Apart from that, the usual cleanup function is called, and the iterator is stopped.

## Type: `File`

```ts
{
filename: string;
encoding: string;
mimeType: string;
field: string;
stream: ByteLengthTruncateStream; // See below: "Type: ByteLengthTruncateStream"
}
```

- `filename`: The client-provided filename of the file.
- `encoding`: The encoding of the file. [List of encodings](https://nodejs.org/api/buffer.html#buffers-and-character-encodings) supported by Node.js.
- `mimeType`: The MIME type of the file. If the MIME type is crucial for your application, you should not trust the client-provided `mimeType` value – the client can easily lie about it (e.g. send an `.exe` file with `mimeType: "image/png"`). Instead, you should use a library like [`file-type`](https://github.com/sindresorhus/file-type).
- `field`: The name of the field the file was sent in.
- `stream`: The file `Readable` stream. The stream should **always** be consumed, otherwise the request parsing will hang, and you might never get access to the next file.
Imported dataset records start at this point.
text \<open>The cone of positive semidefinite matrices is closed and contains 0, so the
  projection proj_psd is a genuine nearest point.\<close>
lemma psd_cone_closed: "closed (psd_cone :: (real^'n^'n) set)"
proof -
  have "psd_cone = {M::real^'n^'n. \<forall>i j. M$i$j = M$j$i} \<inter> (\<Inter>v. {M. 0 \<le> v \<bullet> (M *v v)})"
    by (auto simp: psd_cone_def transpose_def vec_eq_iff)
  moreover have "closed {M::real^'n^'n. \<forall>i j. M$i$j = M$j$i}"
    by (intro closed_Collect_all closed_Collect_eq continuous_intros)
  moreover have "closed {M::real^'n^'n. 0 \<le> v \<bullet> (M *v v)}" for v :: "real^'n"
    unfolding inner_vec_def matrix_vector_mult_def
    by (intro closed_Collect_le continuous_intros)
  ultimately show ?thesis by (metis (no_types, lifting) closed_Int closed_INT)
qed

lemma psd_cone_zero: "0 \<in> psd_cone"
  by (simp add: psd_cone_def transpose_def vec_eq_iff)

lemma proj_psd_in: "proj_psd H \<in> psd_cone"
  unfolding proj_psd_def using psd_cone_closed psd_cone_zero
  by (intro closest_point_in_set) auto

text \<open>Since 0 is in the cone, the projection moves H by at most |H|.\<close>
lemma proj_psd_norm: "norm (proj_psd H) \<le> 2 * norm H"
proof -
  have "dist H (proj_psd H) \<le> dist H 0"
    unfolding proj_psd_def using psd_cone_closed psd_cone_zero by (rule closest_point_le)
  hence "norm (H - proj_psd H) \<le> norm H" by (simp add: dist_norm)
  moreover have "norm (proj_psd H) \<le> norm H + norm (H - proj_psd H)"
    by (metis add_diff_cancel_left' diff_add_cancel norm_triangle_ineq4 norm_minus_commute)
  ultimately show ?thesis by simp
qed

lemma norm_le_entry_sum: "norm (M::real^'n^'m) \<le> (\<Sum>i\<in>UNIV. \<Sum>j\<in>UNIV. \<bar>M$i$j\<bar>)"
proof -
  have "norm M \<le> (\<Sum>i\<in>UNIV. \<bar>norm (M$i)\<bar>)"
    unfolding norm_vec_def by (simp add: L2_set_le_sum)
  also have "\<dots> \<le> (\<Sum>i\<in>UNIV. \<Sum>j\<in>UNIV. \<bar>M$i$j\<bar>)"
    by (intro sum_mono) (simp add: norm_le_l1_cart)
  finally show ?thesis .
qed

lemma entry_le_norm: "\<bar>(M::real^'n^'m)$i$j\<bar> \<le> norm M"
  using component_le_norm_cart[of "M$i" j] Finite_Cartesian_Product.norm_nth_le[of M i] by linarith

text \<open>Every generalized Hessian of h has entries bounded by L: Jacobians of the gradient do,
  and the entrywise bound is preserved under limits and convex combinations.\<close>
lemma clarke_hessian_entries:
  fixes g :: "real^'n \<Rightarrow> real^'n"
  assumes lip: "L-lipschitz_on UNIV g" and H: "H \<in> clarke_hessian g z"
  shows "\<bar>H$i$j\<bar> \<le> L"
proof -
  let ?E = "{M::real^'n^'n. \<forall>i j. \<bar>M$i$j\<bar> \<le> L}"
  have closed: "closed ?E"
    by (intro closed_Collect_all closed_Collect_le continuous_intros)
  have convex: "convex ?E"
    unfolding convex_def
  proof (safe)
    fix M N :: "real^'n^'n" and u v :: real and i j
    assume bnd: "\<forall>i j. \<bar>M$i$j\<bar> \<le> L" "\<forall>i j. \<bar>N$i$j\<bar> \<le> L" and uv: "0 \<le> u" "0 \<le> v" "u + v = 1"
    have "\<bar>u * M$i$j + v * N$i$j\<bar> \<le> u * \<bar>M$i$j\<bar> + v * \<bar>N$i$j\<bar>"
      using uv by (simp add: abs_triangle_ineq[THEN order_trans] abs_mult)
    also have "\<dots> \<le> u * L + v * L" using bnd uv by (intro add_mono mult_left_mono) auto
    finally show "\<bar>(u *\<^sub>R M + v *\<^sub>R N) $ i $ j\<bar> \<le> L" using uv by (simp add: distrib_right[symmetric])
  qed
  have "M \<in> ?E" if "\<forall>n. (g has_derivative (\<lambda>v. Ms n *v v)) (at (xs n))" "Ms \<longlonglongrightarrow> M" for M Ms xs
  proof (rule closed_sequentially[OF closed _ that(2)])
    fix n
    have "onorm ((*v) (Ms n)) \<le> L"
      using jacobian_norm_le_lipschitz[OF that(1)[rule_format, of n] lip] by (intro onorm_le) auto
    thus "Ms n \<in> ?E" using matrix_component_le_onorm[of "Ms n"] by (auto intro: order_trans)
  qed
  hence "clarke_hessian g z \<subseteq> ?E"
    unfolding clarke_hessian_def by (intro hull_minimal convex) blast
  thus ?thesis using H by blast
qed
If you don't care about a particular file, you can simply do `file.stream.resume()`, but the stream should **always** be consumed.

## Type: `ByteLengthTruncateStream`

A [`Transform`](https://nodejs.org/api/stream.html#stream_class_stream_transform) stream, which does the following to source streams piped into it:
- Does nothing, i.e. acts as a `PassThrough` stream, as long as the source stream hasn't reached `maxFileByteLength` limit bytes.
- As soon as the source stream reaches `maxFileByteLength` limit bytes:
- Sets the `truncated` property to `true`
- Throws if `abortOnFileByteLimit = true`
- Truncates the file if `abortOnFileByteLimit = false`

```ts
Transform & {
bytesRead: number;
bytesWritten: number;
truncated: boolean;
}
```

- `bytesRead`: The number of bytes read from the source stream.
- `bytesWritten`: The number of bytes written to the destination stream.
- `truncated`: Whether the file was truncated or not. Truncation only happens with `abortOnFileByteLimit = false`. `bytesRead - bytesWritten` is the number of bytes truncated, and is larger than `0` only if `truncated = true`, and `0` if `truncated = false`.

All of the above properties are updated in real time, as the stream is consumed. This means that you have to wait until the stream is fully consumed (i.e. `'finish'`/`'end'` events are emitted, after e.g. an upload to file system or S3) to get the final values of `bytesRead`, `bytesWritten` and `truncated`.